Bab 26. Aku Tahu Aku Sekarat.

798 59 1
                                    

Perlahan kesadaranku kembali pulih. Rasa nyeri dan panas didada dengan cepat kurasakan. Cahaya memasuki retinaku dengan perlahan membentuk berbagai bentuk benda disekitarku. Plafon putih, dinding bercat putih, suara penyaring udara yang mendesis pelan, suara berbagai mesin yang familiar.......

 Seseorang terlihat menelungkup disamping tubuhku, mata ku masih menjelajah benda demi benda yang bisa tertangkap tatapan. Perhatianku berhenti ditabung infus yang tergantung dekat ranjang rawat, kantong berisi cairan merah pekat itu dengan jelas memberitahuku apa yang terjadi. 

Ahh fungsi ginjal ku semakin memburuk saja, mungkin kali ini aku membutuhkan proses cuci darah untuk melanjutkan hidup. 

Seseorang disamping tiba tiba bergerak. Perhatianku segera teralihkan padanya. Heran bercampur aneh sangat kurasakan saat menyadari sosok yang dari tadi menelungkup tertidur disampingku. Cahaya temaram ruangan mungkin membuatnya tidak menyadari jika aku sudah membuka mata dan menatapnya dengan rasa penasaran.

Wajah orientalnya menarik perhatianku saat ini. Pria tua ini dulu sangat membenciku bahkan saking bencinya ia tidak pernah sudi berada ditempat yang sama dengan ku. Ia sebisa mungkin menjauhi ku dan memperlakukanku bak makhluk tak kasat mata saat bertemu. Aneh jika saat ini pria ini malah berada sangat dekat seperti ini. Bahkan keberadaannya diruang perawatan termahal yang ia tahu tanpa seorang pun pegawai yang mendampingi dan ditengah malam buta seperti ini sudah cukup membuat bulu kuduknya merinding karena rasa ngeri.

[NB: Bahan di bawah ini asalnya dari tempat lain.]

(* Let $(\Gamma,M)$ be an E-GCM graph, let $\lambda$ be a strongly dominant position, and let $(\gamma_{i_1},\gamma_{i_2},\dots)$ be any game sequence for a numbers game played from $\lambda$. For each $j$ let $\beta_j:=s_{i_1}\cdots s_{i_{j-1}}.\alpha_{i_j}$ (a positive root), so that $\phi_{\beta_j}$ is the positive root functional at node $\gamma_{i_j}$. Then for all $k\ge1$ and all $1\le j<k$, $\phi_{\beta_k}\ne\phi_{\beta_j}$.
   Context: E-GCM $M=(M_{ij})_{i,j\in I_n}$: real, $M_{ii}=2$, $M_{ij}\le0$ ($i\ne j$), $M_{ij}\ne0\iff M_{ji}\ne0$, nonzero $M_{ij}M_{ji}$ either $\ge4$ or $=4\cos^2(\pi/m)$ with $m\ge3$ integer; nodes $\gamma_i$, adjacent iff $M_{ij}\ne0$. Positions $\lambda\in\mathbb{R}^n$, strongly dominant if all $\lambda_i>0$; firing $\gamma_i$ allowed iff $\lambda_i>0$ and replaces $\lambda_j$ by $\lambda_j-M_{ij}\lambda_i$; a game sequence is the sequence of nodes fired in a numbers game that keeps firing nodes with positive population while any exist. $W$: Coxeter group with generators $s_i$, $s_i^2=e$, $(s_is_j)^{m_{ij}}=e$, $m_{ij}=k$ if $M_{ij}M_{ji}=4\cos^2(\pi/k)$ ($k\ge2$), $m_{ij}=\infty$ if $M_{ij}M_{ji}\ge4$. $W$ acts on real $V$ with basis $(\alpha_i)$ via $s_i.\alpha_j=\alpha_j-M_{ij}\alpha_i$; roots are the elements $w.\alpha_i$. For a root $\alpha=\sum c_i\alpha_i$, the root functional is $\phi_\alpha(x_1,\dots,x_n)=\sum c_ix_i$ (indeterminates $x_i$); it is positive if all $c_i\ge 0$. *)

theory Defs
  imports Complex_Main "HOL-Library.Extended_Nat"
begin

text \<open>Index set I_n is rendered as {..<n} (0-based). Matrices, positions and
 vectors of V (coefficients w.r.t. the basis alpha_i) are functions on nat,
 only their values on {..<n} matter.\<close>

definition is_EGCM :: "nat \<Rightarrow> (nat \<Rightarrow> nat \<Rightarrow> real) \<Rightarrow> bool" where
  "is_EGCM n M \<longleftrightarrow>
     (\<forall>i<n. M i i = 2) \<and>
     (\<forall>i<n. \<forall>j<n. i \<noteq> j \<longrightarrow> M i j \<le> 0) \<and>
     (\<forall>i<n. \<forall>j<n. M i j \<noteq> 0 \<longleftrightarrow> M j i \<noteq> 0) \<and>
     (\<forall>i<n. \<forall>j<n. M i j * M j i \<noteq> 0 \<longrightarrow>
         (M i j * M j i \<ge> 4 \<or> (\<exists>m::nat. m \<ge> 3 \<and> M i j * M j i = 4 * (cos (pi / real m))^2)))"

definition strongly_dominant :: "nat \<Rightarrow> (nat \<Rightarrow> real) \<Rightarrow> bool" where
  "strongly_dominant n lam \<longleftrightarrow> (\<forall>i<n. lam i > 0)"

definition fire :: "(nat \<Rightarrow> nat \<Rightarrow> real) \<Rightarrow> nat \<Rightarrow> (nat \<Rightarrow> real) \<Rightarrow> (nat \<Rightarrow> real)" where
  "fire M i lam = (\<lambda>j. lam j - M i j * lam i)"

primrec play :: "(nat \<Rightarrow> nat \<Rightarrow> real) \<Rightarrow> (nat \<Rightarrow> real) \<Rightarrow> (nat \<Rightarrow> nat) \<Rightarrow> nat \<Rightarrow> (nat \<Rightarrow> real)" where
  "play M lam s 0 = lam"
| "play M lam s (Suc k) = fire M (s k) (play M lam s k)"

definition game_sequence ::
  "nat \<Rightarrow> (nat \<Rightarrow> nat \<Rightarrow> real) \<Rightarrow> (nat \<Rightarrow> real) \<Rightarrow> enat \<Rightarrow> (nat \<Rightarrow> nat) \<Rightarrow> bool" where
  "game_sequence n M lam L s \<longleftrightarrow>
     (\<forall>k. enat k < L \<longrightarrow> s k < n \<and> play M lam s k (s k) > 0) \<and>
     (\<forall>N. L = enat N \<longrightarrow> (\<forall>i<n. play M lam s N i \<le> 0))"

definition simple_root :: "nat \<Rightarrow> (nat \<Rightarrow> real)" where
  "simple_root i = (\<lambda>j. if j = i then 1 else 0)"

definition refl_act :: "nat \<Rightarrow> (nat \<Rightarrow> nat \<Rightarrow> real) \<Rightarrow> nat \<Rightarrow> (nat \<Rightarrow> real) \<Rightarrow> (nat \<Rightarrow> real)" where
  "refl_act n M i c = c(i := c i - (\<Sum>j<n. M i j * c j))"

text \<open>beta_k = s_{s 0} s_{s 1} ... s_{s (k-1)} . alpha_{s k}  (0-based indexing).\<close>
definition beta :: "nat \<Rightarrow> (nat \<Rightarrow> nat \<Rightarrow> real) \<Rightarrow> (nat \<Rightarrow> nat) \<Rightarrow> nat \<Rightarrow> (nat \<Rightarrow> real)" where
  "beta n M s k = foldr (\<lambda>t v. refl_act n M (s t) v) [0..<k] (simple_root (s k))"

text \<open>Root functional phi_alpha(x_1..x_n) = sum c_i x_i, as a function of the
 indeterminates (equality of such linear forms = equality of coefficients).\<close>
definition root_functional :: "nat \<Rightarrow> (nat \<Rightarrow> real) \<Rightarrow> ((nat \<Rightarrow> real) \<Rightarrow> real)" where
  "root_functional n c = (\<lambda>x. \<Sum>i<n. c i * x i)"

end

theory Submission
  imports Defs
begin

text \<open>
  Index the fired nodes from 0 and let \<open>\<delta>_t\<close> be the root obtained from \<open>\<alpha>_{i_k}\<close> by applying
  the reflections of the nodes fired at times \<open>k-1, \<dots>, t\<close>. Firing a node is dual to reflecting
  at it, so \<open>\<phi>_{\<delta>_t}\<close> evaluated at the position reached after \<open>t\<close> firings is the population
  \<open>\<lambda>_k(i_k) > 0\<close> of the node fired at time \<open>k\<close>, for every \<open>t \<le> k\<close>.

  If \<open>\<phi>_{\<beta>_k} = \<phi>_{\<beta>_j}\<close>, then \<open>\<beta>_k = \<beta>_j\<close>, and cancelling the common prefix gives
  \<open>\<delta>_j = \<alpha>_{i_j}\<close>, so \<open>\<delta>_{j+1} = -\<alpha>_{i_j}\<close> is negative while \<open>\<delta>_k = \<alpha>_{i_k}\<close> is positive.
  Every root is positive or negative (Humphreys' induction on length, which reduces to rank-two
  subsystems, where roots are given by Chebyshev polynomials). Hence some \<open>\<delta>_t\<close> is negative while
  \<open>\<delta>_{t+1}\<close> is positive; the two differ only in the coordinate of the node \<open>i_t\<close>, so \<open>\<delta>_{t+1}\<close>
  is a nonnegative multiple of \<open>\<alpha>_{i_t}\<close>, and its functional after \<open>t+1\<close> firings is
  \<open>-c \<lambda>_t(i_t) \<le> 0\<close>, a contradiction.
\<close>

section \<open>Words in the simple reflections acting on V\<close>

primrec word_act :: "nat \<Rightarrow> (nat \<Rightarrow> nat \<Rightarrow> real) \<Rightarrow> nat list \<Rightarrow> (nat \<Rightarrow> real) \<Rightarrow> nat \<Rightarrow> real" where
  "word_act n M [] v = v"
| "word_act n M (i # ws) v = refl_act n M i (word_act n M ws v)"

Pria itu sedikit meregangkan tubuhnya tanpa menimbulkan suara sedikitpun. Beberapa kali mengusap wajahnya lalu memeriksa waktu dipergelangan tangannya. Ia dengan lembut memperbaiki selimut yang kupakai yang sedikit tidak teratur karena dirinya barusan. Memeriksa cairan infus dan selang ... semua tindakannya ku perhatikan dalam diam. 

Pria itu mengelus perlahan jariku yang berada diluar selimut. Tatapannya jelas terlihat sendu dan..... aneh. 

"Maaf nak, ... kamu harus menjalani kehidupan sepert ini karena kesombongan ayah".

Pria itu mengusapi tetesan air yang melelehi pipinya dengan perlahan.

"Ayah tahu ... sangat terlambat jika saat ini .... ayah meminta maaf dan menjaga mu. Ayah...'.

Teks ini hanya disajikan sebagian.